──────── EXERCISE INPUTS
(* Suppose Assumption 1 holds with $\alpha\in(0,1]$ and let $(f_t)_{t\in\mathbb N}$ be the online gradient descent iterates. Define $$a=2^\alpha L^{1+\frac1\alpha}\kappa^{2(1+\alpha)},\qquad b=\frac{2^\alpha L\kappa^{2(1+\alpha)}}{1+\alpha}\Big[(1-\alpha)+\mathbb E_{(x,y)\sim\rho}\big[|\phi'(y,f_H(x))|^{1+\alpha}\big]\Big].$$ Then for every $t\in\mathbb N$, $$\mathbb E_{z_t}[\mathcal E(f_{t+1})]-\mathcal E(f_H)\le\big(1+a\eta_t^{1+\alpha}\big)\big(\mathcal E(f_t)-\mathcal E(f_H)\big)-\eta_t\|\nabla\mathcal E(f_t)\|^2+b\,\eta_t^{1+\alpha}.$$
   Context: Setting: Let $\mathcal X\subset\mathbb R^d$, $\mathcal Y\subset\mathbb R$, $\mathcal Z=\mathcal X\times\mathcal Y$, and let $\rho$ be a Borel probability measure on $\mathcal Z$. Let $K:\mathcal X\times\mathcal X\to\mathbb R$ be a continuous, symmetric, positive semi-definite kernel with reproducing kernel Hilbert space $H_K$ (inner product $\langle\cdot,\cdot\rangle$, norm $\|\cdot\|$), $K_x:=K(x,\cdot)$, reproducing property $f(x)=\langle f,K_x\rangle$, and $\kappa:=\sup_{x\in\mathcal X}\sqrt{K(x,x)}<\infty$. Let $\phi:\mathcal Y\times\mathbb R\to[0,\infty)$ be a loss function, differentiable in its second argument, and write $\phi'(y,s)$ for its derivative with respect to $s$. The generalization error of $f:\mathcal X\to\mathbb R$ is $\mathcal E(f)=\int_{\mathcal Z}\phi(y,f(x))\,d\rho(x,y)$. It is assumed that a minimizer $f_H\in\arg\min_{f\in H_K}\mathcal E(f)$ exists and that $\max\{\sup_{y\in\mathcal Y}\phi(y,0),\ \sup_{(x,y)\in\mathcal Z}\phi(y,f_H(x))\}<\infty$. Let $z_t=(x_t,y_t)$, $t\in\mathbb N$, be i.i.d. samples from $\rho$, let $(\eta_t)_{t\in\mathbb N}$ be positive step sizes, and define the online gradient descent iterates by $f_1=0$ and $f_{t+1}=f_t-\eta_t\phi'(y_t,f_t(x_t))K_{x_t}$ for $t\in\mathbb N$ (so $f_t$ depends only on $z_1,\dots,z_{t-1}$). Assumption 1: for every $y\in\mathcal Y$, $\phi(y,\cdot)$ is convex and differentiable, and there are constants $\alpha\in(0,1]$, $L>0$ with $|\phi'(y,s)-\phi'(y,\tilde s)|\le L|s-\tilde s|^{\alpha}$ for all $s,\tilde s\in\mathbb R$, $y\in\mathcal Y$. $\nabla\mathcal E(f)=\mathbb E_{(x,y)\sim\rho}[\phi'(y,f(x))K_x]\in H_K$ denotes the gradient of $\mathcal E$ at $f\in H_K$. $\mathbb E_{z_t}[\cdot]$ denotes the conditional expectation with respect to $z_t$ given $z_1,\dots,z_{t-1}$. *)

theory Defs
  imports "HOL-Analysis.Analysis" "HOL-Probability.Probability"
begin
────────────────
● **EXERCISE OBJECTIVE**:
Copy exactly the line that contains "theory Defs" and every line after it, up to and including the last line of the records.

● **REPLY**:
theory Defs
  imports "HOL-Analysis.Analysis" "HOL-Probability.Probability"
begin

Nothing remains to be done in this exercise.